O evento teve a participação de autoridades, que fizeram uso da
palavra e se posicionaram diante de questões relevantes para a
agricultura. O presidente do Sindicato Rural, João Motta,
agradeceu a Fábio Meirelles, ‘pelo grande esforço para estar em
Cândido Mota’ e reafirmou a importância da ‘presença do
representante máximo da agricultura brasileira’.
“Fico feliz por ter contribuído decisivamente para a vinda do
Dr. Fábio.

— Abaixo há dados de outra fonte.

text \<open>Generalised coassociativity: splitting any one factor of \<open>\<Delta>\<^sup>n a\<close> gives \<open>\<Delta>\<^sup>n\<^sup>+\<^sup>1 a\<close>.\<close>

lemma sweedler_coproduct_at:
  assumes "multilinear (Suc (Suc n)) F" "i \<le> n"
  shows "sweedler (Suc n) a F = sweedler n a (coproduct_at i F)"
  using assms
proof (induction n arbitrary: a F i)
  case 0
  then show ?case by (simp add: sweedler_Suc coproduct_at_def)
next
  case (Suc n)
  have "sweedler (Suc (Suc n)) a F = (\<Sum>(x,y)\<leftarrow>\<Delta> a. sweedler (Suc n) x (\<lambda>xs. F (xs @ [y])))"
    by (rule sweedler_Suc)
  also have "\<dots> = (\<Sum>(x,y)\<leftarrow>\<Delta> a. sweedler n x (\<lambda>xs. coproduct_at i F (xs @ [y])))"
  proof (cases "i \<le> n")
    case True
    have "sweedler (Suc n) x (\<lambda>xs. F (xs @ [y])) = sweedler n x (coproduct_at i (\<lambda>xs. F (xs @ [y])))" for x y
      using Suc.IH[OF multilinear_append[OF Suc.prems(1)] True] .
    also have "\<dots> x y = sweedler n x (\<lambda>xs. coproduct_at i F (xs @ [y]))" for x y
      by (rule sweedler_cong) (use True in \<open>simp add: coproduct_at_def nth_append\<close>)
    finally show ?thesis by simp
  next
    case False
    then have i: "i = Suc n" using Suc.prems(2) by simp
    have "(\<Sum>(x,y)\<leftarrow>\<Delta> a. sweedler (Suc n) x (\<lambda>xs. F (xs @ [y]))) =
        (\<Sum>(x,y)\<leftarrow>\<Delta> a. \<Sum>(x1,x2)\<leftarrow>\<Delta> x. sweedler n x1 (\<lambda>xs. F (xs @ [x2, y])))"
      by (simp add: sweedler_Suc)
    also have "\<dots> = (\<Sum>(x,y)\<leftarrow>\<Delta> a. \<Sum>(y1,y2)\<leftarrow>\<Delta> y. sweedler n x (\<lambda>xs. F (xs @ [y1, y2])))"
      by (rule coproduct_coassoc[OF ctril_sweedler_append2[OF Suc.prems(1)]])
    also have "\<dots> = (\<Sum>(x,y)\<leftarrow>\<Delta> a. sweedler n x (\<lambda>xs. \<Sum>(y1,y2)\<leftarrow>\<Delta> y. F (xs @ [y1, y2])))"
      by (simp only: sweedler_sum_pairs)
    also have "\<dots> = (\<Sum>(x,y)\<leftarrow>\<Delta> a. sweedler n x (\<lambda>xs. coproduct_at i F (xs @ [y])))"
      by (intro arg_cong[where f=sum_list] map_cong refl)
         (auto intro!: sweedler_cong simp: i coproduct_at_def nth_append)
    finally show ?thesis .
  qed
  also have "\<dots> = sweedler (Suc n) a (coproduct_at i F)"
    by (simp add: sweedler_Suc)
  finally show ?case .
qed

lemma split_list_at:
  assumes "i < length xs"
  obtains ys w zs where "xs = ys @ w # zs" "length ys = i"
  using assms id_take_nth_drop[OF assms] by (metis length_take min.absorb4)

lemma multilinear_coproduct_at:
  assumes lin: "multilinear (Suc (Suc n)) F" and i: "i \<le> n"
  shows "multilinear (Suc n) (coproduct_at i F)"
  unfolding multilinear_def
proof (intro allI impI)
  fix xs :: "'m list" and j assume l: "length xs = Suc n" "j < Suc n"
  obtain ys w zs where xs: "xs = ys @ w # zs" and ys: "length ys = i"
    using split_list_at[of i xs] l i by auto
  have lz: "length ys + length zs + 1 = Suc n" using l xs by simp
  have slot: "\<And>zs'. length zs' = Suc (Suc n) \<Longrightarrow> k < Suc (Suc n) \<Longrightarrow>
     F (zs'[k := x + y]) = F (zs'[k := x]) + F (zs'[k := y]) \<and> F (zs'[k := smM c x]) = c * F (zs'[k := x])"
    for k x y c
    using lin unfolding multilinear_def by blast
  show "(\<forall>x y. coproduct_at i F (xs[j := x + y]) = coproduct_at i F (xs[j := x]) + coproduct_at i F (xs[j := y])) \<and>
        (\<forall>c x. coproduct_at i F (xs[j := smM c x]) = c * coproduct_at i F (xs[j := x]))"
  proof (cases j i rule: linorder_cases)
    case less
    have e: "xs[j := z] = ys[j := z] @ w # zs" for z using xs less ys by (simp add: list_update_append1)
    have e2: "ys[j := z] @ u # v # zs = (ys @ u # v # zs)[j := z]" for z u v using less ys
      by (simp add: list_update_append1)
    have "length (ys @ u # v # zs) = Suc (Suc n)" "j < Suc (Suc n)" for u v using lz less ys by auto
    then show ?thesis unfolding e coproduct_at_middle[OF length_list_update[of ys j, unfolded ys]] e2
      using slot by (simp add: sum_list_addf sum_list_const_mult split_def)
  next
    case equal
    have e: "xs[j := z] = ys @ z # zs" for z using xs equal ys by (simp add: list_update_append)
    have "cbil smM smM (*) (\<lambda>u v. F (ys @ u # v # zs))" using multilinear_two_slots[OF lin] lz by simp
    then show ?thesis unfolding e coproduct_at_middle[OF ys] using coproduct_add coproduct_scale by simp
  next
    case greater
    have e: "xs[j := z] = ys @ w # zs[j - Suc i := z]" for z using xs greater ys
      by (simp add: list_update_append split: nat.split) (metis Suc_diff_Suc nat.inject)
    have jj: "Suc j = Suc (Suc (length ys + (j - Suc i)))" using greater ys by simp
    have e2: "ys @ u # v # zs[j - Suc i := z] = (ys @ u # v # zs)[Suc j := z]" for z u v
      unfolding jj by (simp add: list_update_append)
    have "length (ys @ u # v # zs) = Suc (Suc n)" "Suc j < Suc (Suc n)" for u v using lz l by auto
    then show ?thesis unfolding e coproduct_at_middle[OF ys] e2
      using slot by (simp add: sum_list_addf sum_list_const_mult split_def)
  qed
qed

lemma sweedler_swap_slots:
  assumes lin: "multilinear (Suc (Suc n)) F" and i: "i \<le> n"
  shows "sweedler (Suc n) a (\<lambda>xs. F (swap_slots i xs)) = sweedler (Suc n) a F"
proof -
  have "multilinear (Suc (Suc n)) (\<lambda>xs. F (swap_slots i xs))"
    using multilinear_swap_slots[OF lin] i by simp
  then have "sweedler (Suc n) a (\<lambda>xs. F (swap_slots i xs)) =
      sweedler n a (coproduct_at i (\<lambda>xs. F (swap_slots i xs)))"
    using i by (rule sweedler_coproduct_at)
  also have "\<dots> = sweedler n a (coproduct_at i F)"
  proof (rule sweedler_cong)
    fix xs :: "'m list" assume l: "length xs = Suc n"
    obtain ys w zs where xs: "xs = ys @ w # zs" and ys: "length ys = i"
      using split_list_at[of i xs] l i by auto
    have "cbil smM smM (*) (\<lambda>u v. F (ys @ v # u # zs))"
      using multilinear_two_slots[OF lin, of ys zs] l xs unfolding cbil_iff by simp
    then show "coproduct_at i (\<lambda>xs. F (swap_slots i xs)) xs = coproduct_at i F xs"
      unfolding xs coproduct_at_middle[OF ys] swap_slots_middle[OF ys] by (rule coproduct_cocomm)
  qed
  also have "\<dots> = sweedler (Suc n) a F"
    using lin i by (rule sweedler_coproduct_at[symmetric])
  finally show ?thesis .
qed

lemma sweedler_swap_slots_seq:
  "multilinear (Suc (Suc n)) F \<Longrightarrow> \<forall>i\<in>set is. i \<le> n \<Longrightarrow>
   sweedler (Suc n) a (\<lambda>xs. F (swap_slots_seq is xs)) = sweedler (Suc n) a F"
proof (induction "is" arbitrary: F)
  case (Cons i "is")
  have "multilinear (Suc (Suc n)) (\<lambda>xs. F (swap_slots_seq is xs))"
    using multilinear_swap_slots_seq[OF Cons.prems(1)] Cons.prems(2) by (simp add: less_Suc_eq_le)
  then show ?case
    using sweedler_swap_slots[of n "\<lambda>xs. F (swap_slots_seq is xs)" i a] Cons by simp
qed simp

end

locale bichar_pairing = cocomm_hopf smM \<Delta> \<eta> S
  for smM :: "complex \<Rightarrow> 'm::comm_ring_1 \<Rightarrow> 'm" and \<Delta> \<eta> S +
  fixes smA :: "complex \<Rightarrow> 'a::comm_ring_1 \<Rightarrow> 'a" and r s1 :: "'m \<Rightarrow> 'm \<Rightarrow> 'a"
    and \<phi> :: "'m \<Rightarrow> 'a \<Rightarrow> complex"
  assumes calg_A: "calg smA" and bichar_r: "bichar smM smA \<Delta> \<eta> r" and bichar_s1: "bichar smM smA \<Delta> \<eta> s1"
    and cbil_\<phi>: "cbil smM smA (*) \<phi>"
begin

lemma \<phi>_linear [simp]:
  "\<phi> (x+y) \<alpha> = \<phi> x \<alpha> + \<phi> y \<alpha>" "\<phi> (smM c x) \<alpha> = c * \<phi> x \<alpha>"
  "\<phi> x (\<alpha>+\<beta>) = \<phi> x \<alpha> + \<phi> x \<beta>" "\<phi> x (smA c \<alpha>) = c * \<phi> x \<alpha>"
  using cbil_\<phi> unfolding cbil_def clin_def by auto

lemma r_linear [simp]:
  "r (x+y) z = r x z + r y z" "r (smM c x) z = smA c (r x z)"
  "r z (x+y) = r z x + r z y" "r z (smM c x) = smA c (r z x)"
  using bichar_r unfolding bichar_def cbil_def clin_def by auto

lemma s1_linear [simp]:
  "s1 (x+y) z = s1 x z + s1 y z" "s1 (smM c x) z = smA c (s1 x z)"
  "s1 z (x+y) = s1 z x + s1 z y" "s1 z (smM c x) = smA c (s1 z x)"
  using bichar_s1 unfolding bichar_def cbil_def clin_def by auto

lemma smA_mult [simp]: "smA c x * y = smA c (x * y)" "y * smA c x = smA c (y * x)"
  using calg_A unfolding calg_def by (metis mult.commute)+

lemma smM_mult [simp]: "smM c x * y = smM c (x * y)" "y * smM c x = smM c (y * x)"
  using hopf unfolding cc_hopf_def calg_def by (metis mult.commute)+

lemma \<phi>_zero [simp]: "\<phi> m 0 = 0"
  using \<phi>_linear(3)[of m 0 0] by simp

lemma \<phi>_sum_list_pairs [simp]: "\<phi> m (\<Sum>(u,v)\<leftarrow>L. f u v) = (\<Sum>(u,v)\<leftarrow>L. \<phi> m (f u v))"
  by (induction L) auto

lemma r_mult_left: "r (a*b) c = (\<Sum>(c1, c2)\<leftarrow>\<Delta> c. r a c1 * r b c2)"
  and r_mult_right: "r a (b*c) = (\<Sum>(a1, a2)\<leftarrow>\<Delta> a. r a1 b * r a2 c)"
  using bichar_r unfolding bichar_def by auto

abbreviation s2 :: "'m \<Rightarrow> 'm \<Rightarrow> 'a" where
  "s2 \<equiv> conv \<Delta> (symmetrization \<Delta> r) s1"

lemma s2_eq_sum:
  "s2 u v = (\<Sum>(a1,a2)\<leftarrow>\<Delta> u. \<Sum>(p,q)\<leftarrow>\<Delta> a1. \<Sum>(b1,b2)\<leftarrow>\<Delta> v. \<Sum>(p',q')\<leftarrow>\<Delta> b1.
    r p p' * r q' q * s1 a2 b2)"
proof -
  have "s2 u v = (\<Sum>(a1,a2)\<leftarrow>\<Delta> u. \<Sum>(b1,b2)\<leftarrow>\<Delta> v. \<Sum>(p,q)\<leftarrow>\<Delta> a1. \<Sum>(p',q')\<leftarrow>\<Delta> b1.
    r p p' * r q' q * s1 a2 b2)"
    by (simp add: conv_eq_sum symmetrization_def transp_def sum_list_pairs_mult_const)
  then show ?thesis by (simp only: sum_list_commute_pairs[where xs="\<Delta> v"])
qed

text \<open>The integrands below are the pairings under \<open>\<phi>\<close> of the two sides, written over
  \<open>\<Delta>\<^sup>k a \<otimes> \<Delta>\<^sup>k b\<close> for increasing \<open>k\<close>; list positions are tensor factors.\<close>

definition eq_pairing :: "'a \<Rightarrow> 'm list \<Rightarrow> complex" where
  "eq_pairing c xs = \<phi> (xs!2) (r (xs!0) (xs!1) * c)"

definition lhs_integrand3 :: "'m list \<Rightarrow> 'm list \<Rightarrow> complex" where
  "lhs_integrand3 X Y = \<phi> (X!2 * Y!2) (r (X!0 * Y!0) (X!1 * Y!1) * s1 (X!3) (Y!3))"

definition lhs_integrand :: "'m list \<Rightarrow> 'm list \<Rightarrow> complex" where
  "lhs_integrand X Y =
     \<phi> (X!4 * Y!4) (r (X!0) (X!2) * r (X!1) (Y!2) * r (Y!0) (X!3) * r (Y!1) (Y!3) * s1 (X!5) (Y!5))"

definition rhs_integrand2 :: "'m list \<Rightarrow> 'm list \<Rightarrow> complex" where
  "rhs_integrand2 xs ys = (\<Sum>(u1,u2)\<leftarrow>\<Delta> (xs!2). \<Sum>(v1,v2)\<leftarrow>\<Delta> (ys!2).
      \<phi> (u1*v1) (s2 u2 v2 * (r (xs!0) (xs!1) * r (ys!0) (ys!1))))"

definition rhs_integrand :: "'m list \<Rightarrow> 'm list \<Rightarrow> complex" where
  "rhs_integrand X Y =
     \<phi> (X!2 * Y!2) (r (X!0) (X!1) * r (Y!0) (Y!1) * r (X!3) (Y!3) * r (Y!4) (X!4) * s1 (X!5) (Y!5))"

lemma multilinear_eq_pairing: "multilinear 3 (eq_pairing c)"
  unfolding multilinear_def
  by (auto simp: eq_pairing_def ring_distribs numeral_eq_Suc less_Suc_eq dest!: length_3_cases)

lemma multilinear_lhs_integrand: "multilinear 6 (\<lambda>X. lhs_integrand X Y)" "multilinear 6 (lhs_integrand X)"
  unfolding multilinear_def
  by (auto simp: lhs_integrand_def ring_distribs numeral_eq_Suc less_Suc_eq dest!: length_6_cases)

lemma multilinear_rhs_integrand: "multilinear 6 (\<lambda>X. rhs_integrand X Y)" "multilinear 6 (rhs_integrand X)"
  unfolding multilinear_def
  by (auto simp: rhs_integrand_def ring_distribs numeral_eq_Suc less_Suc_eq dest!: length_6_cases)

lemma lhs_unfold:
  "(\<Sum>(x,y)\<leftarrow>EQA \<Delta> r (bulletM \<Delta> s1 a b). \<phi> x y) =
   (\<Sum>(a1,a2)\<leftarrow>\<Delta> a. \<Sum>(b1,b2)\<leftarrow>\<Delta> b. sweedler 2 (a1*b1) (eq_pairing (s1 a2 b2)))"
  by (simp add: EQA_def bulletM_def EQ_def eq_pairing_def sweedler_Suc numeral_eq_Suc
      sum_list_concat map_concat comp_def split_def)

lemma rhs_unfold:
  "(\<Sum>(x,y)\<leftarrow>bulletA \<Delta> s2 (EQ \<Delta> r a) (EQ \<Delta> r b). \<phi> x y) =
   sweedler 2 a (\<lambda>xs. sweedler 2 b (rhs_integrand2 xs))"
  by (simp add: bulletA_def bulletM_def EQ_def rhs_integrand2_def sweedler_Suc numeral_eq_Suc
      sum_list_concat map_concat comp_def split_def)
(* Let $n\ge 2$, $\zeta=2\pi/n$, $s_k=2\sin(k\pi/n)$, consider $V$ as in the context with $\sigma=1$, and define for $a>0$ $$S(a)=\frac{1}{as_1}-\frac{1}{2s_1^2}\sum_{k=1}^{n-1}W'(a^2s_k^2)\,s_k^2.$$ Then $S(a)\to\infty$ as $a\to0^+$ and $S(a)\to0$ as $a\to+\infty$; consequently there is at least one $\alpha>0$ with $S(\alpha)=1$, and for any such $\alpha$ the configuration $\mathbf a=(a_1,\dots,a_n)$ with $a_j=\alpha e^{ij\zeta}$ (identifying $\mathbb R^2$ with $\mathbb C$) is a critical point of $V$ (a circular equilibrium).
   Context: For $u=(u_1,\dots,u_n)\in(\mathbb R^2)^n$ let $$V(u)=\sum_{j=1}^{n-1}U(|u_{j+1}-u_j|^2)+U(|u_n-u_1|^2)+\sum_{1\le j<k\le n}W(|u_j-u_k|^2),$$ where $U(x)=x-2x^{1/2}$ and $W\in C^2((0,\infty))$ satisfies $\lim_{x\to0}W(x)=\lim_{x\to0}(-W'(x))=+\infty$ and $\lim_{x\to\infty}W(x)=\lim_{x\to\infty}W'(x)=0$. $V$ is defined on $\Omega=\{u\in\mathbb R^{2n}:u_j\ne u_k\text{ for }j\ne k\}$. *)

theory Defs
  imports "HOL-Analysis.Analysis"
begin

text \<open>Configurations are u :: nat => complex, only the values u 1, ..., u n matter
  (R^2 identified with C).\<close>

definition U_pot :: "real \<Rightarrow> real" where
  "U_pot x = x - 2 * sqrt x"

definition V_pot :: "nat \<Rightarrow> (real \<Rightarrow> real) \<Rightarrow> (nat \<Rightarrow> complex) \<Rightarrow> real" where
  "V_pot n W u =
     (\<Sum>j=1..n-1. U_pot ((cmod (u (j+1) - u j))^2)) + U_pot ((cmod (u n - u 1))^2)
     + (\<Sum>j=1..n. \<Sum>k=j+1..n. W ((cmod (u j - u k))^2))"
(* In the setting described in the context, there exists a constant $C$ such that $$|p(x)-\widehat p(x)|\le C\,\phi(x)^2\qquad\text{for all }x\in U_\delta.$$
   Context: $n\in\{1,2\}$; $\Gamma\subset\mathbb R^{n+1}$ is a smooth, connected, compact, orientable hypersurface without boundary with unit outer normal $\nu$; $d$ is the signed distance to $\Gamma$ (negative inside), and $\Omega$ is an open neighbourhood of $\Gamma$ on which $d$ is smooth, so that $\widehat p(x)=x-d(x)\nabla d(x)$ is the closest point on $\Gamma$ to $x\in\Omega$. $A=(a_{ij})$ with $a_{ij}\in C^2(\Gamma)$ symmetric, $\sum_{i,j}a_{ij}(x)\xi_i\nu_j(x)=0$ and $\sum_{i,j}a_{ij}(x)\xi_i\xi_j\ge\alpha|\xi|^2$ for $\xi\in T_x\Gamma$ ($\alpha>0$), and $A(x)\nu(x)=\nu(x)$. $\phi:\overline\Omega\to\mathbb R$ is smooth with $\Gamma=\{\phi=0\}$ and $0<c_0\le|\nabla\phi|\le c_1$ on $\overline\Omega$; $U_r=\{x\in\Omega:|\phi(x)|<r\}$. $\delta>0$ is such that for every $p\in\Gamma$ the ODE $\gamma_p'(s)=\frac{A(p)\nabla\phi(\gamma_p(s))}{A(p)\nabla\phi(\gamma_p(s))\cdot\nabla\phi(\gamma_p(s))}$, $\gamma_p(0)=p$, has a unique solution on $(-\delta,\delta)$; $F(p,s)=\gamma_p(s)$ is then a $C^2$ bijection of $\Gamma\times(-\delta,\delta)$ onto $U_\delta$, and since $\phi(\gamma_p(s))=s$ its inverse is $F^{-1}(x)=(p(x),\phi(x))$ with $p\in C^2(U_\delta;\mathbb R^{n+1})$, $p(x)\in\Gamma$. *)

theory Defs
  imports "HOL-Analysis.Analysis"
begin

definition grad :: "('a::euclidean_space \<Rightarrow> real) \<Rightarrow> 'a \<Rightarrow> 'a" where
  "grad f x = (\<Sum>b\<in>Basis. frechet_derivative f (at x) b *\<^sub>R b)"

fun Ck_on :: "nat \<Rightarrow> 'a::euclidean_space set \<Rightarrow> ('a \<Rightarrow> 'b::real_normed_vector) \<Rightarrow> bool" where
  "Ck_on 0 S f = continuous_on S f"
| "Ck_on (Suc k) S f = (f differentiable_on S \<and>
      (\<forall>b\<in>Basis. Ck_on k S (\<lambda>x. frechet_derivative f (at x) b)))"

definition smooth_on :: "'a::euclidean_space set \<Rightarrow> ('a \<Rightarrow> 'b::real_normed_vector) \<Rightarrow> bool" where
  "smooth_on S f = (\<forall>k. Ck_on k S f)"

definition Ck_on_surface :: "nat \<Rightarrow> 'a::euclidean_space set \<Rightarrow> ('a \<Rightarrow> real) \<Rightarrow> bool" where
  "Ck_on_surface k \<Gamma> f = (\<exists>W g. open W \<and> \<Gamma> \<subseteq> W \<and> Ck_on k W g \<and> (\<forall>x\<in>\<Gamma>. g x = f x))"

definition tangent_space :: "'a::euclidean_space set \<Rightarrow> 'a \<Rightarrow> 'a set" where
  "tangent_space \<Gamma> x = {v. \<exists>c::real \<Rightarrow> 'a. c 0 = x \<and> (\<forall>t. c t \<in> \<Gamma>) \<and>
        (c has_vector_derivative v) (at 0)}"

definition is_unit_outer_normal :: "'a::euclidean_space set \<Rightarrow> 'a \<Rightarrow> 'a \<Rightarrow> bool" where
  "is_unit_outer_normal \<Gamma> x n = (norm n = 1 \<and> (\<forall>v\<in>tangent_space \<Gamma> x. n \<bullet> v = 0) \<and>
        (\<exists>e>0. \<forall>t. 0 < t \<and> t < e \<longrightarrow> x + t *\<^sub>R n \<in> outside \<Gamma>))"

definition signed_dist :: "'a::euclidean_space set \<Rightarrow> 'a \<Rightarrow> real" where
  "signed_dist \<Gamma> x = (if x \<in> inside \<Gamma> then - infdist x \<Gamma> else infdist x \<Gamma>)"

definition hat_p :: "'a::euclidean_space set \<Rightarrow> 'a \<Rightarrow> 'a" where
  "hat_p \<Gamma> x = x - signed_dist \<Gamma> x *\<^sub>R grad (signed_dist \<Gamma>) x"

definition flow_field :: "('a::euclidean_space \<Rightarrow> 'a \<Rightarrow> 'a) \<Rightarrow> ('a \<Rightarrow> real) \<Rightarrow> 'a \<Rightarrow> 'a \<Rightarrow> 'a" where
  "flow_field A \<phi> q y = (1 / (A q (grad \<phi> y) \<bullet> grad \<phi> y)) *\<^sub>R A q (grad \<phi> y)"

end

theory Submission
  imports Defs
begin

(*
  Put G = p - hat_p. Both maps are C^2 retractions of the tube U_delta onto \<Gamma>, so G vanishes
  on \<Gamma>, and so does its derivative: along tangent vectors because G is zero on curves in \<Gamma>,
  and along n = grad \<phi>(q) because (i) p is constant on the flow line \<gamma>_q, which leaves q in the
  direction A(q) n = n, and (ii) hat_p, being the nearest-point map, moves q + t n by at most
  t |n| while keeping its image on \<Gamma>, which forces its derivative in the direction n to vanish.
  Taylor's theorem on a compact neighbourhood of \<Gamma> then gives |G x| <= C dist(x, \<Gamma>)^2, and
  dist(x, \<Gamma>) <= |x - p x| <= V |\<phi> x| since x = \<gamma>_{p x}(\<phi> x) and the flow field is bounded.
*)

section \<open>$C^k$ functions\<close>

lemma Ck_on_cong:
  assumes "open S" and "\<And>x. x \<in> S \<Longrightarrow> f x = g x"
  shows "Ck_on k S f = Ck_on k S g"
  using assms(2)
proof (induction k arbitrary: f g)
  case 0
  then show ?case by (simp cong: continuous_on_cong)
next
  case (Suc k)
  have "g x = f x" if "x \<in> S" for x
    using Suc.prems that by simp
  then have diff_iff: "f differentiable (at x) \<longleftrightarrow> g differentiable (at x)" if "x \<in> S" for x
    using has_derivative_transform_within_open[OF _ assms(1) that, of f _ UNIV g]
      has_derivative_transform_within_open[OF _ assms(1) that, of g _ UNIV f] Suc.prems
    unfolding differentiable_def by blast
  then have diff_on_iff: "f differentiable_on S \<longleftrightarrow> g differentiable_on S"
    using assms(1) by (simp add: differentiable_on_eq_differentiable_at)
  show ?case
  proof (cases "f differentiable_on S")
    case True
    then have "frechet_derivative f (at x) = frechet_derivative g (at x)" if "x \<in> S" for x
      using assms(1) that Suc.prems
      by (intro frechet_derivative_transform_within_open) (auto simp: differentiable_on_eq_differentiable_at)
    then have "Ck_on k S (\<lambda>x. frechet_derivative f (at x) b) = Ck_on k S (\<lambda>x. frechet_derivative g (at x) b)" for b
      by (intro Suc.IH) simp
    then show ?thesis
      using diff_on_iff by simp
  next
    case False
    then show ?thesis
      using diff_on_iff by simp
  qed
qed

Espero que ele continue firme no seu ideal de
valorizar o pequeno e médio produtor rural”, salientou Motta.
Durante o discurso, o sindicalista reforçou a necessidade de uma
‘política agrícola séria, que valorize o produtor rural e não
apenas o agronegócio’. Frisou que na região a reforma agrária já
existe, ‘pois mais de 80% dos produtores rurais possuem áreas
abaixo de 80 hectares’. “Isto é reforma agrária natural”, opinou
o líder do sindicato.
Motta destacou a necessidade de seguro de produção e renda.
Asseverou que a pedra fundamental para uma política agrícola
‘séria e robusta’, é um seguro de produção que garanta renda
mínima ao pequeno e médio produtor rural. “Estamos cansados de
ver o Governo Federal empurrar o problema com a barriga e não
resolver de forma definitiva os problemas financeiros do
agricultor. Chega de descaso, queremos mais respeito para com
aqueles que sustentam o Brasil no cabo da enxada”, desabafou.
Meio ambiente
Ele citou ainda questões referentes ao equilíbrio do meio
ambiente. O presidente do Sindicato Rural deixou claro que os
produtores rurais não são contra a preservação do meio ambiente.
Ele entende que muita coisa deve ser revista e até mesmo a
recomposição de algumas espécies de mata nativa deve ser feita.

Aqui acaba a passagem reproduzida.